(Try it): Return each line of the entries that mentions the word "lemma".

(Records for this task):
(* a graph on [h] is given by h and a (symmetric) edge relation E *)
definition track_next :: "(nat \<Rightarrow> nat \<Rightarrow> bool) \<Rightarrow> nat \<Rightarrow> nat \<Rightarrow> nat option" where
  "track_next E h v = (if \<exists>j. j \<in> {1..h} \<and> v < j \<and> E v j
      then Some (LEAST j. j \<in> {1..h} \<and> v < j \<and> E v j) else None)"

lemma track_next_gt: "track_next E h v = Some w \<Longrightarrow> v < w \<and> w \<le> h"
proof -
  assume a: "track_next E h v = Some w"
  let ?P = "\<lambda>j. j \<in> {1..h} \<and> v < j \<and> E v j"
  have ex: "\<exists>j. ?P j"
  proof (rule ccontr)
    assume "\<not> (\<exists>j. ?P j)"
    then have "track_next E h v = None" unfolding track_next_def by (simp only: if_False)
    with a show False by simp
  qed
  then have "track_next E h v = Some (Least ?P)" unfolding track_next_def by (simp only: if_True)
  with a have w: "w = Least ?P" by simp
  from ex have "?P (Least ?P)" by (rule LeastI_ex)
  then show ?thesis unfolding w by simp
qed

function track_from :: "(nat \<Rightarrow> nat \<Rightarrow> bool) \<Rightarrow> nat \<Rightarrow> nat \<Rightarrow> nat list" where
  "track_from E h v = v # (case track_next E h v of None \<Rightarrow> [] | Some w \<Rightarrow> track_from E h w)"
  by pat_completeness auto
termination
  by (relation "measure (\<lambda>(E, h, v). h - v)")
     (auto dest!: track_next_gt)

definition track :: "(nat \<Rightarrow> nat \<Rightarrow> bool) \<Rightarrow> nat \<Rightarrow> nat list" where
  "track E h = track_from E h 1"

definition promotion_perm :: "(nat \<Rightarrow> nat \<Rightarrow> bool) \<Rightarrow> nat \<Rightarrow> nat \<Rightarrow> nat" where
  "promotion_perm E h i =
     (let T = track E h in
      if i \<notin> set T then i - 1
      else if i = last T then h
      else T ! (Suc (LEAST p. p < length T \<and> T ! p = i)) - 1)"

definition perm_act :: "(nat \<Rightarrow> nat) \<Rightarrow> 'a list \<Rightarrow> 'a list" where
  "perm_act \<sigma> C = map (\<lambda>m. nth1 C (inv_into {1..length C} \<sigma> m)) [1..<Suc (length C)]"

definition promotion :: "nat \<Rightarrow> nat set list \<Rightarrow> nat set list" where
  "promotion k C = perm_act (promotion_perm (dual_graph k C) (length C)) C"

end

theory Submission
  imports Defs
begin

text \<open>Promotion moves every vertex off the track one place to the left and every track vertex to
  just before its successor on the track (the last one to the end). Consider a pair i, j with i
  before j in the new order. If j is off the track, then i < j, and the old shelling witness z
  for (i, j) is adjacent to j, so the track successor of z, if any, is at most j and differs
  from j: z stays before j. If j is on the track, every z < j stays before j, so only pairs with
  j < i are new; then j has no neighbour in the interval (j, i], and iterating the shelling
  condition down from i produces a witness before j.\<close>

lemma track_next_SomeD:
  assumes "track_next E h v = Some w"
  shows "w \<in> {1..h}" "v < w" "E v w" "\<And>t. t \<in> {1..h} \<Longrightarrow> v < t \<Longrightarrow> E v t \<Longrightarrow> w \<le> t"
proof -
  let ?P = "\<lambda>j. j \<in> {1..h} \<and> v < j \<and> E v j"
  have ex: "\<exists>j. ?P j"
  proof (rule ccontr)
    assume "\<not> (\<exists>j. ?P j)"
    then have "track_next E h v = None" unfolding track_next_def by (simp only: if_False)
    with assms show False by simp
  qed
  then have w: "w = Least ?P"
    using assms unfolding track_next_def by simp
  show "w \<in> {1..h}" "v < w" "E v w"
    using LeastI_ex[OF ex] unfolding w by auto
  show "\<And>t. t \<in> {1..h} \<Longrightarrow> v < t \<Longrightarrow> E v t \<Longrightarrow> w \<le> t"
    unfolding w by (simp add: Least_le)
qed
(* Let $[i_s,i_t]\in\mathcal P$ be a bin of the key partition on which the offline optimal sequence $u_{i_s},\dots,u_{i_t}$ is monotonic (non-decreasing or non-increasing). Then the predictions $x_t$ of FLH-OGD satisfy $$\sum_{t=i_s}^{i_t}(y_t-x_t)^2-(y_t-u_t)^2\le 31(B+G)^2\log n.$$
   Context: Squared loss game: $n\ge 3$, $B\ge 1$, $G\ge B$; for $t=1,\dots,n$ the learner predicts $x_t\in[-B,B]$, then the adversary reveals $y_t\in[-G,G]$. $[a,b]=\{a,\dots,b\}$. FLH-OGD: For each $j\in[n]$ a base learner $E^j$ is started at time $j$; it runs projected online gradient descent on $[-B,B]$ on the losses $x\mapsto (y_t-x)^2$, $t\ge j$: its first prediction $x^{(j)}_j$ is a fixed point of $[-B,B]$, and $x^{(j)}_{t+1}=\Pi\big(x^{(j)}_t-\tfrac{1}{2\tau}\cdot 2(x^{(j)}_t-y_t)\big)$ with $\tau=t-j+1$, $\Pi$ the projection onto $[-B,B]$. The FLH meta-algorithm with learning rate $\zeta$ keeps a probability vector $v_t=(v_t^{(1)},\dots,v_t^{(t)})$, $v_1=(1)$; it predicts $x_t=\sum_{j\le t}v_t^{(j)}x^{(j)}_t$; after $y_t$ is revealed it sets $\hat v^{(i)}_{t+1}=v_t^{(i)}e^{-\zeta(y_t-x_t^{(i)})^2}/\sum_{j\le t}v_t^{(j)}e^{-\zeta(y_t-x_t^{(j)})^2}$ for $i\le t$, then $v^{(t+1)}_{t+1}=1/(t+1)$ and $v^{(i)}_{t+1}=(1-\tfrac1{t+1})\hat v^{(i)}_{t+1}$. FLH-OGD uses $\zeta=1/(2(G+B)^2)$. Offline optimal: given $C_n>0$, $u_1,\dots,u_n$ is an optimal solution of: minimize $\frac12\sum_{t=1}^n(y_t-\tilde u_t)^2$ subject to $\sum_{t=2}^{n}|\tilde u_t-\tilde u_{t-1}|\le C_n$ and $-B\le\tilde u_t\le B$; with optimal dual variables $\lambda\ge0$ (TV constraint) and $\gamma^\pm_t\ge0$ (box constraints) satisfying the KKT conditions: there are $s_t\in[-1,1]$ with $s_t=\mathrm{sign}(u_{t+1}-u_t)$ whenever $u_{t+1}\ne u_t$, $s_0=s_n=0$, $u_t-y_t=\lambda(s_t-s_{t-1})+\gamma_t^--\gamma_t^+$, and complementary slackness $\lambda(\sum_{t=2}^n|u_t-u_{t-1}|-C_n)=0$, $\gamma_t^-(u_t+B)=0$, $\gamma_t^+(u_t-B)=0$. Key partition $\mathcal P$: $[n]$ is partitioned greedily into consecutive bins: the first bin starts at $i_s=1$; a bin starting at $i_s$ ends at the largest $i_t\in[i_s,n]$ such that $\sum_{j=i_s+1}^{i_t}|u_j-u_{j-1}|\le B/\sqrt{i_t-i_s+1}$; the next bin starts at $i_t+1$, until $n$ is covered. *)

theory Defs
  imports Complex_Main
begin

definition proj_box :: "real \<Rightarrow> real \<Rightarrow> real" where
  "proj_box B x = max (- B) (min B x)"

text \<open>Base learner E^j (projected OGD started at time j with first prediction x0).
  ogd_step B x0 y j k is the prediction of E^j at time t = j + k.\<close>
fun ogd_step :: "real \<Rightarrow> real \<Rightarrow> (nat \<Rightarrow> real) \<Rightarrow> nat \<Rightarrow> nat \<Rightarrow> real" where
  "ogd_step B x0 y j 0 = x0"
| "ogd_step B x0 y j (Suc k) =
     (let x = ogd_step B x0 y j k; \<tau> = real (Suc k)
      in proj_box B (x - (1 / (2 * \<tau>)) * (2 * (x - y (j + k)))))"

text \<open>Prediction x_t^{(j)} of base learner E^j at time t (meaningful for t \<ge> j).\<close>
definition base_pred :: "real \<Rightarrow> real \<Rightarrow> (nat \<Rightarrow> real) \<Rightarrow> nat \<Rightarrow> nat \<Rightarrow> real" where
  "base_pred B x0 y j t = ogd_step B x0 y j (t - j)"

text \<open>FLH weights v_t^{(i)}, i = 1..t (zero outside), for base predictions E j t.\<close>
fun flh_w :: "real \<Rightarrow> (nat \<Rightarrow> nat \<Rightarrow> real) \<Rightarrow> (nat \<Rightarrow> real) \<Rightarrow> nat \<Rightarrow> nat \<Rightarrow> real" where
  "flh_w \<zeta> E y 0 = (\<lambda>i. 0)"
| "flh_w \<zeta> E y (Suc 0) = (\<lambda>i. if i = 1 then 1 else 0)"
| "flh_w \<zeta> E y (Suc (Suc t)) =
     (let v = flh_w \<zeta> E y (Suc t);
          Z = (\<Sum>j = 1..Suc t. v j * exp (- \<zeta> * (y (Suc t) - E j (Suc t))\<^sup>2))
      in (\<lambda>i. if i = Suc (Suc t) then 1 / real (Suc (Suc t))
              else if 1 \<le> i \<and> i \<le> Suc t
                then (1 - 1 / real (Suc (Suc t))) * (v i * exp (- \<zeta> * (y (Suc t) - E i (Suc t))\<^sup>2) / Z)
              else 0))"

definition flh_pred :: "real \<Rightarrow> (nat \<Rightarrow> nat \<Rightarrow> real) \<Rightarrow> (nat \<Rightarrow> real) \<Rightarrow> nat \<Rightarrow> real" where
  "flh_pred \<zeta> E y t = (\<Sum>j = 1..t. flh_w \<zeta> E y t j * E j t)"

definition flh_ogd_pred :: "real \<Rightarrow> real \<Rightarrow> real \<Rightarrow> (nat \<Rightarrow> real) \<Rightarrow> nat \<Rightarrow> real" where
  "flh_ogd_pred B G x0 y t = flh_pred (1 / (2 * (G + B)\<^sup>2)) (base_pred B x0 y) y t"

definition tv :: "(nat \<Rightarrow> real) \<Rightarrow> nat \<Rightarrow> nat \<Rightarrow> real" where
  "tv u a b = (\<Sum>j = Suc a..b. \<bar>u j - u (j - 1)\<bar>)"

definition offline_feasible :: "nat \<Rightarrow> real \<Rightarrow> real \<Rightarrow> (nat \<Rightarrow> real) \<Rightarrow> bool" where
  "offline_feasible n B Cn w \<longleftrightarrow> tv w 1 n \<le> Cn \<and> (\<forall>t\<in>{1..n}. - B \<le> w t \<and> w t \<le> B)"

definition offline_obj :: "nat \<Rightarrow> (nat \<Rightarrow> real) \<Rightarrow> (nat \<Rightarrow> real) \<Rightarrow> real" where
  "offline_obj n y w = (1/2) * (\<Sum>t = 1..n. (y t - w t)\<^sup>2)"

definition offline_optimal :: "nat \<Rightarrow> real \<Rightarrow> real \<Rightarrow> (nat \<Rightarrow> real) \<Rightarrow> (nat \<Rightarrow> real) \<Rightarrow> bool" where
  "offline_optimal n B Cn y u \<longleftrightarrow> offline_feasible n B Cn u \<and>
     (\<forall>w. offline_feasible n B Cn w \<longrightarrow> offline_obj n y u \<le> offline_obj n y w)"

text \<open>KKT conditions with dual variables \<lambda>, \<gamma>^-, \<gamma>^+ and subgradient signs s.\<close>
definition kkt_holds :: "nat \<Rightarrow> real \<Rightarrow> real \<Rightarrow> (nat \<Rightarrow> real) \<Rightarrow> (nat \<Rightarrow> real) \<Rightarrow> bool" where
  "kkt_holds n B Cn y u \<longleftrightarrow>
    (\<exists>(lam::real) (gm::nat \<Rightarrow> real) (gp::nat \<Rightarrow> real) (s::nat \<Rightarrow> real).
       lam \<ge> 0 \<and> (\<forall>t\<in>{1..n}. gm t \<ge> 0 \<and> gp t \<ge> 0) \<and>
       (\<forall>t\<in>{0..n}. - 1 \<le> s t \<and> s t \<le> 1) \<and> s 0 = 0 \<and> s n = 0 \<and>
       (\<forall>t\<in>{1..<n}. u (t + 1) \<noteq> u t \<longrightarrow> s t = sgn (u (t + 1) - u t)) \<and>
       (\<forall>t\<in>{1..n}. u t - y t = lam * (s t - s (t - 1)) + gm t - gp t) \<and>
       lam * (tv u 1 n - Cn) = 0 \<and>
       (\<forall>t\<in>{1..n}. gm t * (u t + B) = 0 \<and> gp t * (u t - B) = 0))"

definition bin_end :: "nat \<Rightarrow> real \<Rightarrow> (nat \<Rightarrow> real) \<Rightarrow> nat \<Rightarrow> nat" where
  "bin_end n B u a = (GREATEST b. a \<le> b \<and> b \<le> n \<and> tv u a b \<le> B / sqrt (real (b - a + 1)))"

fun bin_start :: "nat \<Rightarrow> real \<Rightarrow> (nat \<Rightarrow> real) \<Rightarrow> nat \<Rightarrow> nat" where
  "bin_start n B u 0 = 1"
| "bin_start n B u (Suc k) = bin_end n B u (bin_start n B u k) + 1"

definition key_partition :: "nat \<Rightarrow> real \<Rightarrow> (nat \<Rightarrow> real) \<Rightarrow> (nat \<times> nat) set" where
  "key_partition n B u =
     {(a, b). \<exists>k. a = bin_start n B u k \<and> a \<le> n \<and> b = bin_end n B u a}"

definition monotone_on_bin :: "(nat \<Rightarrow> real) \<Rightarrow> nat \<Rightarrow> nat \<Rightarrow> bool" where
  "monotone_on_bin u a b \<longleftrightarrow>
     (\<forall>t\<in>{a..<b}. u t \<le> u (t + 1)) \<or> (\<forall>t\<in>{a..<b}. u (t + 1) \<le> u t)"

end

theory Submission
  imports Defs "HOL-Analysis.Harmonic_Numbers"
begin

text \<open>Split the bin at the first and last time \<open>t\<^sub>1\<close>, \<open>t\<^sub>2\<close> at which \<open>u\<close> moves. Against a constant
  comparator, FLH-OGD has regret at most \<open>6 (B + G)\<^sup>2 log n\<close> on every interval: the exp-concave FLH
  mixture loses at most \<open>log (t + 1) / \<zeta>\<close> to the base learner started at the left end, and that
  learner, online gradient descent with step \<open>1/(2\<tau>)\<close> on a strongly convex loss, has logarithmic
  regret. This handles the two outer pieces, where \<open>u\<close> is constant. On the middle piece we compare
  with the constant \<open>u (t\<^sub>1 + 1)\<close>: by monotonicity \<open>u\<close> stays strictly inside the box there, so the
  KKT conditions reduce to \<open>u t - y t = \<lambda> (s t - s (t - 1))\<close> with a sign \<open>s\<close> that is constant at
  every move of \<open>u\<close>, and summation by parts shows that passing from the constant to \<open>u\<close> costs
  exactly \<open>\<Sum> (u t - u (t\<^sub>1 + 1))\<^sup>2\<close>. The total-variation budget \<open>B / sqrt (length)\<close> of a bin bounds
  this by \<open>B\<^sup>2\<close>, and \<open>3 \<cdot> 6 (B + G)\<^sup>2 log n + B\<^sup>2 \<le> 31 (B + G)\<^sup>2 log n\<close>.\<close>

lemma convex_on_neg_exp_neg_sq:
  fixes z y :: real and S :: "real set"
  assumes "convex S" and z: "0 < z" and small: "\<And>x. x \<in> S \<Longrightarrow> 2 * z * (y - x)\<^sup>2 \<le> 1"
  shows "convex_on S (\<lambda>x. - exp (- z * (y - x)\<^sup>2))"
proof (rule f''_ge0_imp_convex[OF \<open>convex S\<close>])
  show "((\<lambda>x. - exp (- z * (y - x)\<^sup>2)) has_real_derivative
          - exp (- z * (y - x)\<^sup>2) * (2 * z * (y - x))) (at x)" for x
    by (rule derivative_eq_intros refl | simp)+ (simp add: algebra_simps)
  show "((\<lambda>x. - exp (- z * (y - x)\<^sup>2) * (2 * z * (y - x))) has_real_derivative
          2 * z * exp (- z * (y - x)\<^sup>2) * (1 - 2 * z * (y - x)\<^sup>2)) (at x)" for x
    by (rule derivative_eq_intros refl | simp)+ (simp add: algebra_simps power2_eq_square)
  show "0 \<le> 2 * z * exp (- z * (y - x)\<^sup>2) * (1 - 2 * z * (y - x)\<^sup>2)" if "x \<in> S" for x
    using small[OF that] z by simp
qed

lemma sum_exp_neg_sq_le:
  fixes z y :: real and S :: "real set" and I :: "'i set" and a e :: "'i \<Rightarrow> real"
  assumes "convex S" "0 < z" "\<And>x. x \<in> S \<Longrightarrow> 2 * z * (y - x)\<^sup>2 \<le> 1"
    and "finite I" "I \<noteq> {}" "sum a I = 1" "\<And>i. i \<in> I \<Longrightarrow> 0 \<le> a i"
    and "\<And>i. i \<in> I \<Longrightarrow> e i \<in> S"
  shows "(\<Sum>i\<in>I. a i * exp (- z * (y - e i)\<^sup>2)) \<le> exp (- z * (y - (\<Sum>i\<in>I. a i * e i))\<^sup>2)"
  using convex_on_sum[OF assms(4,5) convex_on_neg_exp_neg_sq[OF assms(1-3)] assms(6-8)]
  by (simp add: sum_negf)

lemma flh_w_new_expert: "flh_w \<zeta> E y (Suc (Suc t)) (Suc (Suc t)) = 1 / real (Suc (Suc t))"
  by (simp add: Let_def)

lemma flh_w_update:
  assumes "1 \<le> i" "i \<le> Suc t"
  shows "flh_w \<zeta> E y (Suc (Suc t)) i =
    (1 - 1 / real (Suc (Suc t))) * (flh_w \<zeta> E y (Suc t) i * exp (- \<zeta> * (y (Suc t) - E i (Suc t))\<^sup>2) /
      (\<Sum>j = 1..Suc t. flh_w \<zeta> E y (Suc t) j * exp (- \<zeta> * (y (Suc t) - E j (Suc t))\<^sup>2)))"
  using assms by (simp add: Let_def)

declare flh_w.simps(3) [simp del]

lemma flh_w_diag:
  assumes "1 \<le> t"
  shows "flh_w \<zeta> E y t t * real t = 1"
proof -
  obtain k where t: "t = Suc k" using assms by (cases t) auto
  show ?thesis unfolding t by (cases k) (simp_all add: flh_w_new_expert)
qed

(Task answer):
lemma track_next_gt: "track_next E h v = Some w \<Longrightarrow> v < w \<and> w \<le> h"
lemma track_next_SomeD:
lemma convex_on_neg_exp_neg_sq:
lemma sum_exp_neg_sq_le:
lemma flh_w_new_expert: "flh_w \<zeta> E y (Suc (Suc t)) (Suc (Suc t)) = 1 / real (Suc (Suc t))"
lemma flh_w_update:
lemma flh_w_diag:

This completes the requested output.